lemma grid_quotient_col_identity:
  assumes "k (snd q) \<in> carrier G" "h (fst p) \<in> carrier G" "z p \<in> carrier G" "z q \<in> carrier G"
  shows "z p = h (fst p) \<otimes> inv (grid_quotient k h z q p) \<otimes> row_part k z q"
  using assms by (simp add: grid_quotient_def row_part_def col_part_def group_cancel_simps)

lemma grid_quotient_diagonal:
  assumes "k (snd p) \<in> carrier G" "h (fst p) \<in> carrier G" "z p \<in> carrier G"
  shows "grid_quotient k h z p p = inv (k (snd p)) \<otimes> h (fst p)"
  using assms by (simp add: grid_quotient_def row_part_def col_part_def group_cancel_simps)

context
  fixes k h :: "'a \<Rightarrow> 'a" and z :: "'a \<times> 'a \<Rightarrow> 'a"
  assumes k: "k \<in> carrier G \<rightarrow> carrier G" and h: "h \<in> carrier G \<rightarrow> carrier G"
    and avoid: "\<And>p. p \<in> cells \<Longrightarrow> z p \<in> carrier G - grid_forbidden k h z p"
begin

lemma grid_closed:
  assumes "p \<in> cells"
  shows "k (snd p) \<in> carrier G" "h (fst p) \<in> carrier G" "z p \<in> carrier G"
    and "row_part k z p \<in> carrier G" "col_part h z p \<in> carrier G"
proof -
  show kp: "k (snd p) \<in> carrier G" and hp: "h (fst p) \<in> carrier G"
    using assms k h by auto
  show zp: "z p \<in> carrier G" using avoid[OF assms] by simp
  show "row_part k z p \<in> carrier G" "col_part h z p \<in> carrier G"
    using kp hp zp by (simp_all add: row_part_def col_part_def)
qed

____________

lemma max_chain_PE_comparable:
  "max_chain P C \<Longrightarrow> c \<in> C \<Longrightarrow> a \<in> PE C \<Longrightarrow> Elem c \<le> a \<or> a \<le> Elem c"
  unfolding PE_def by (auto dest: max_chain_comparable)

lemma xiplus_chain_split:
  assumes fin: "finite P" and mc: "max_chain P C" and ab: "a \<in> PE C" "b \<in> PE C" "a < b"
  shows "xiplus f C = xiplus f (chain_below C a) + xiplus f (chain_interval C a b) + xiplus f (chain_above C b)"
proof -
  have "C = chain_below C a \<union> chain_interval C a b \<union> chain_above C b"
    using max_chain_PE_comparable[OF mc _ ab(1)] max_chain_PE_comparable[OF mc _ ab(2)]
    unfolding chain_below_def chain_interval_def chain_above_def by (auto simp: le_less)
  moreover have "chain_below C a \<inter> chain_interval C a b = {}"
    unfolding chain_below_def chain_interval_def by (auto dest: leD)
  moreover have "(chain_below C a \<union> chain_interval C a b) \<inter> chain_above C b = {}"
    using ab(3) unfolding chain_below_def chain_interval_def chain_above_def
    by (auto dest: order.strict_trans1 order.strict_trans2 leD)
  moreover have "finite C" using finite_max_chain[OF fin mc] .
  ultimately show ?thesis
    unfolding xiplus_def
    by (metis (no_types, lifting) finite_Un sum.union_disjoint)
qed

____________

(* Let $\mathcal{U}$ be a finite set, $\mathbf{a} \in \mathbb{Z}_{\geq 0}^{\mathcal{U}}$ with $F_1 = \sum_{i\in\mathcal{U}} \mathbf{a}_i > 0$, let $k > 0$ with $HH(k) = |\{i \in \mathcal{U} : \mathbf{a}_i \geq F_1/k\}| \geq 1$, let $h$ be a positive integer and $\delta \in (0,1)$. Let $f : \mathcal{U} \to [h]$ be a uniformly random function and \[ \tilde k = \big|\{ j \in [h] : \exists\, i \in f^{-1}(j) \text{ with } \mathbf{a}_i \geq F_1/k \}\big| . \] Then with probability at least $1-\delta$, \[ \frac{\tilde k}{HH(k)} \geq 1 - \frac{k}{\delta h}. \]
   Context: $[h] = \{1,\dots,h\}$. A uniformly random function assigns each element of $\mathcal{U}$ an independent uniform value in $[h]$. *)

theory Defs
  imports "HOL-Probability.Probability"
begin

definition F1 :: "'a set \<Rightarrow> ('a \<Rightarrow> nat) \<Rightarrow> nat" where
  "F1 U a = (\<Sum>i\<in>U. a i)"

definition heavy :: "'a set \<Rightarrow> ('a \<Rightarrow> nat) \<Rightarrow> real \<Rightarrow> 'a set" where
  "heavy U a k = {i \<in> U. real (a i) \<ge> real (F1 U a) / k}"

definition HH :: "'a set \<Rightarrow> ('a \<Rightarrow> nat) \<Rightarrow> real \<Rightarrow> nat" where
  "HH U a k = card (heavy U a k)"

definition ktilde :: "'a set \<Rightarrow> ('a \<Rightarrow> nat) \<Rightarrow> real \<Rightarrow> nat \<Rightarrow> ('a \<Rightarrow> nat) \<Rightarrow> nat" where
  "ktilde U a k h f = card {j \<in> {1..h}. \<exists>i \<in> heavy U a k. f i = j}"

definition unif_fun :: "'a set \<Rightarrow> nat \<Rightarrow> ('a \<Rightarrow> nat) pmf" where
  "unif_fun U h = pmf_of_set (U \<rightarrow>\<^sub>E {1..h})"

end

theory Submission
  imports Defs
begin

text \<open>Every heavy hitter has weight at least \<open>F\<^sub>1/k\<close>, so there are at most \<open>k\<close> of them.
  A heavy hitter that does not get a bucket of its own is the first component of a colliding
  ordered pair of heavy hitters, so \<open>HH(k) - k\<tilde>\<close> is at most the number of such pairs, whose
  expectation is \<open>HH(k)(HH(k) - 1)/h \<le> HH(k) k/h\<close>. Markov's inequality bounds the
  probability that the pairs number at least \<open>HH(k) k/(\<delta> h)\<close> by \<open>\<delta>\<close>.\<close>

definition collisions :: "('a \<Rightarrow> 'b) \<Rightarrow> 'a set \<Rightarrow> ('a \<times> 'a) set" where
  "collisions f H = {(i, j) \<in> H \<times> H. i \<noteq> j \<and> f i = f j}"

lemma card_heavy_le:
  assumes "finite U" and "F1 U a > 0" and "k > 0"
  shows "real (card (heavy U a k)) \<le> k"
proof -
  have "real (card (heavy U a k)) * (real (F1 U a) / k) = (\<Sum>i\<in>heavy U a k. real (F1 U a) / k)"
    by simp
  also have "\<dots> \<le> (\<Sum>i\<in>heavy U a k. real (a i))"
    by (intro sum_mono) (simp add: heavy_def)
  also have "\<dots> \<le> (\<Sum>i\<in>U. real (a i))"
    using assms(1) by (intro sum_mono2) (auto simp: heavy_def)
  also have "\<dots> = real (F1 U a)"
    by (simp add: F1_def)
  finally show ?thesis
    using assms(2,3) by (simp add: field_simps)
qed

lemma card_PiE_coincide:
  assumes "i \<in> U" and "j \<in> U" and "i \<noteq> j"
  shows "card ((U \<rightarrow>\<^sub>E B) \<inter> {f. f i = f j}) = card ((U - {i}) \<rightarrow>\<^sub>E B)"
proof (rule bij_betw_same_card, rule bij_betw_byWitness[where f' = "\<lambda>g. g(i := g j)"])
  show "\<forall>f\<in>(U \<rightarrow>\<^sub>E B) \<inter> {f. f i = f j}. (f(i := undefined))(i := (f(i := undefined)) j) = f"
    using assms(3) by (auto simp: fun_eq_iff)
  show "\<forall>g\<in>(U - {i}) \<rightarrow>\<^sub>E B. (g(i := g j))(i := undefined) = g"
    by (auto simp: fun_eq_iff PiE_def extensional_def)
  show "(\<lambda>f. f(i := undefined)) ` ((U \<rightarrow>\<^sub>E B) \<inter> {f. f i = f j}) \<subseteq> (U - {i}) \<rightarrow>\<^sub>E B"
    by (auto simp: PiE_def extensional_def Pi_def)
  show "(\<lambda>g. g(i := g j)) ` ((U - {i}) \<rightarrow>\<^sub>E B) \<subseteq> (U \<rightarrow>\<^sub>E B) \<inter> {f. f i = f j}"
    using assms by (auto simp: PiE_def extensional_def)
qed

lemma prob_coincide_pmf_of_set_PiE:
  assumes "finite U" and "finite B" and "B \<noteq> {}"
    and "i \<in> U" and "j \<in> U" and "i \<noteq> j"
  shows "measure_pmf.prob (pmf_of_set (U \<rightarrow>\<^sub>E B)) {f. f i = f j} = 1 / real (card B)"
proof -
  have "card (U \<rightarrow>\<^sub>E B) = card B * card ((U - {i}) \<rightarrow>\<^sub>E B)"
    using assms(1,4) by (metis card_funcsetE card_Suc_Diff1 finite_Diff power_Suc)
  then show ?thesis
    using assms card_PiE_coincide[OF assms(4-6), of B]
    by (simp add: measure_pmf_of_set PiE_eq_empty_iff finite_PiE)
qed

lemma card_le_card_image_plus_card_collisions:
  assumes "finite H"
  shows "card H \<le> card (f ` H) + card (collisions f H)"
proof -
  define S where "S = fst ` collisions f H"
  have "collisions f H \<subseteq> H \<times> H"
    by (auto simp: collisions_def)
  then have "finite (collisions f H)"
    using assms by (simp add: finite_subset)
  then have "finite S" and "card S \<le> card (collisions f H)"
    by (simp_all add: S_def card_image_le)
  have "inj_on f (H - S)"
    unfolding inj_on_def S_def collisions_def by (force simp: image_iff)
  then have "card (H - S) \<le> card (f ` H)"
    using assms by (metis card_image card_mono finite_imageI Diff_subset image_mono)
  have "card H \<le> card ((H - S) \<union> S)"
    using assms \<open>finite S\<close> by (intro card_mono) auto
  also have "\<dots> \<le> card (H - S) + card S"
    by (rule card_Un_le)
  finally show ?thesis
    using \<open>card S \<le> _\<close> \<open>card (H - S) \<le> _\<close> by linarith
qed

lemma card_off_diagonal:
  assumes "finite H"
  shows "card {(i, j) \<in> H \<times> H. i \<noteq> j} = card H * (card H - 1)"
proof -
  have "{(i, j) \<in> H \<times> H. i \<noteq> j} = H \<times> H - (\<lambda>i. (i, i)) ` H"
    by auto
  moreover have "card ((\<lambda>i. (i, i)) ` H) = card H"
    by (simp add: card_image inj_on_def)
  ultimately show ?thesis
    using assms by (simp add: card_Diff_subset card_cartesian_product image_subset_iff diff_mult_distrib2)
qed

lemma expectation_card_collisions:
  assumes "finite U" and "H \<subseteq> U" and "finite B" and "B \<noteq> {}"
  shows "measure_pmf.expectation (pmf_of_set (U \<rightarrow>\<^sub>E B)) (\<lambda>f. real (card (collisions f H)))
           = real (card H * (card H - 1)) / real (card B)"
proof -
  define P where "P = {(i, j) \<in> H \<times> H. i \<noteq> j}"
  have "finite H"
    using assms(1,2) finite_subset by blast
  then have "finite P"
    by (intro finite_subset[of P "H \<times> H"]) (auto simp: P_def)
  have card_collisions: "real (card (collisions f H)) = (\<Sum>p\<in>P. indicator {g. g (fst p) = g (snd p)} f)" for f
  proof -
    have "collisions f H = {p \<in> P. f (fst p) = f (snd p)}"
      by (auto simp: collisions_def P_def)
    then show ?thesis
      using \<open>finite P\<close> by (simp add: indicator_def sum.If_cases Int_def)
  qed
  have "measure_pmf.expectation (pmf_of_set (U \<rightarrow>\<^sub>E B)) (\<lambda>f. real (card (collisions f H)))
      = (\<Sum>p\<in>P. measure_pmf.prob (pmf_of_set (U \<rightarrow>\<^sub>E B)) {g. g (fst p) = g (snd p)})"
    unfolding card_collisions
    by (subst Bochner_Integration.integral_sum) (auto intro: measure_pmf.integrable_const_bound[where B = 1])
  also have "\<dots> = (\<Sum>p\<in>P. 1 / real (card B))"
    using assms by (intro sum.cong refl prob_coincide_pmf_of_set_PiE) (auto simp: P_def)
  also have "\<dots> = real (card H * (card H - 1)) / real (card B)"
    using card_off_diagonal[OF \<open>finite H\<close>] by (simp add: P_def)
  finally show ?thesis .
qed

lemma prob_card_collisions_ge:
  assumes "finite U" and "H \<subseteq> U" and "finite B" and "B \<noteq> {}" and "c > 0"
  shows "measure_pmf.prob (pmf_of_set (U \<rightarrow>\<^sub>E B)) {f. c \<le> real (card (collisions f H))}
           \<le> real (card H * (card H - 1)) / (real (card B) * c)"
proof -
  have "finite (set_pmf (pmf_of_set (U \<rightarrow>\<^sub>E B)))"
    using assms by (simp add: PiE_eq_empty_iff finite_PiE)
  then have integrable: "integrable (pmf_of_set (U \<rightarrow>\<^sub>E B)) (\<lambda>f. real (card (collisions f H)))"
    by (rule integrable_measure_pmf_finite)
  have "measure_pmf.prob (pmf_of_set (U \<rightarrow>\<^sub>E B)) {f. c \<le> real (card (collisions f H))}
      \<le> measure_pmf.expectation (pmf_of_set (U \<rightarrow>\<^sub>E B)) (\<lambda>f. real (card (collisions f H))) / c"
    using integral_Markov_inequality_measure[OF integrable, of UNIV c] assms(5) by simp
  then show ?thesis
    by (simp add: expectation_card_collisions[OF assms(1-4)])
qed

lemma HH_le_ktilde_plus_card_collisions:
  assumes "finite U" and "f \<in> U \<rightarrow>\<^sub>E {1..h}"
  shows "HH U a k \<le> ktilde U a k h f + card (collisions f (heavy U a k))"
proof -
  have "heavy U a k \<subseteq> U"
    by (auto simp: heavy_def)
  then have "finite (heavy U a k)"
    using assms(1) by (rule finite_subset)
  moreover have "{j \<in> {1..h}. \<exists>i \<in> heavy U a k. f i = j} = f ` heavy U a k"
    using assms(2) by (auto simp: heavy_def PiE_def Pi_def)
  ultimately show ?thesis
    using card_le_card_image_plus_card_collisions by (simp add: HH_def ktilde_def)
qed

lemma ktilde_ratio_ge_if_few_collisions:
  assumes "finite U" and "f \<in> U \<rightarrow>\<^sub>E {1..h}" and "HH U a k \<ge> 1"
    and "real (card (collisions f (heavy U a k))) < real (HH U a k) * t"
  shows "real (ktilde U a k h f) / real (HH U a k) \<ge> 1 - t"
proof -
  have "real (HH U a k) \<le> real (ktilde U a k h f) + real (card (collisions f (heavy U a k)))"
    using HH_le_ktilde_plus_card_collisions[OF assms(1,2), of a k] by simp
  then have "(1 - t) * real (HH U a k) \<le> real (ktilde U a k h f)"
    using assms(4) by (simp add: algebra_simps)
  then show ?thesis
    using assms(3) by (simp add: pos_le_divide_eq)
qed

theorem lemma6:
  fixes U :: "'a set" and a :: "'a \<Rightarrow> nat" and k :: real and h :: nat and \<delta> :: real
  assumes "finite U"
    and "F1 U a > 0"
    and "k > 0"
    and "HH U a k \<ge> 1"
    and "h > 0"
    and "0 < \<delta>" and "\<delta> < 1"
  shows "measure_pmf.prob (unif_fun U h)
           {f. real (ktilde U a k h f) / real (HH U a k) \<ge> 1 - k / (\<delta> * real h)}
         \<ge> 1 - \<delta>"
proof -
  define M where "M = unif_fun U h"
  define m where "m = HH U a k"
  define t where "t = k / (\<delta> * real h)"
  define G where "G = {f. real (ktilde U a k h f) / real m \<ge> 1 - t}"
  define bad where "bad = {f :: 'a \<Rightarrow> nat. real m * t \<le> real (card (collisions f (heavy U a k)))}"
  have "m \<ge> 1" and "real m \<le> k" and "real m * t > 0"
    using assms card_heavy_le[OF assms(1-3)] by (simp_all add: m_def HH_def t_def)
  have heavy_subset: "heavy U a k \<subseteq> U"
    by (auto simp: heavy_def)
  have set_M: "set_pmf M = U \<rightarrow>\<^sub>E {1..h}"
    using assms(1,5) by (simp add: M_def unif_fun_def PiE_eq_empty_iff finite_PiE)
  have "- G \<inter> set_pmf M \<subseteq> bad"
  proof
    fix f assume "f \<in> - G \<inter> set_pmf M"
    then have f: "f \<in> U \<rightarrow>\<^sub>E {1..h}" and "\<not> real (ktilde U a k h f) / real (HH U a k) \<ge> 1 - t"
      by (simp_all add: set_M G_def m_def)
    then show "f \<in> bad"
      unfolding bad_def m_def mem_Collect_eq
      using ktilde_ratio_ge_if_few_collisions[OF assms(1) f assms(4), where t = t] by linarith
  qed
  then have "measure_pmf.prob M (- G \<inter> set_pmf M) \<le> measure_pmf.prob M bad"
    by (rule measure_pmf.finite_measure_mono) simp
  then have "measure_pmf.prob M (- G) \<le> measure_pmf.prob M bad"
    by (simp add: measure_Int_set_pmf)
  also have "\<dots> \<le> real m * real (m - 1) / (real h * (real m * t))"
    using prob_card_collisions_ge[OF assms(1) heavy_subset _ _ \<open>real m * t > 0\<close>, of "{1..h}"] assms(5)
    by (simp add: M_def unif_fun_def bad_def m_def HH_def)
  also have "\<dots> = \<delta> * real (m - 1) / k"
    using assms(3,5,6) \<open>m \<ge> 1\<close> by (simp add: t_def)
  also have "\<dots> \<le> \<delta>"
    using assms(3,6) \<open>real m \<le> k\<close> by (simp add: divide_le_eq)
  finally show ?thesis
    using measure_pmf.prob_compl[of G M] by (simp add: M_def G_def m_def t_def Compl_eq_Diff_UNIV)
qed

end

____________

**WHAT YOU WILL DO**:
From the entries, copy every line in which the string "that" can be found.

**RESULT FOR THIS EXERCISE**:
  A heavy hitter that does not get a bucket of its own is the first component of a colliding
  probability that the pairs number at least \<open>HH(k) k/(\<delta> h)\<close> by \<open>\<delta>\<close>.\<close>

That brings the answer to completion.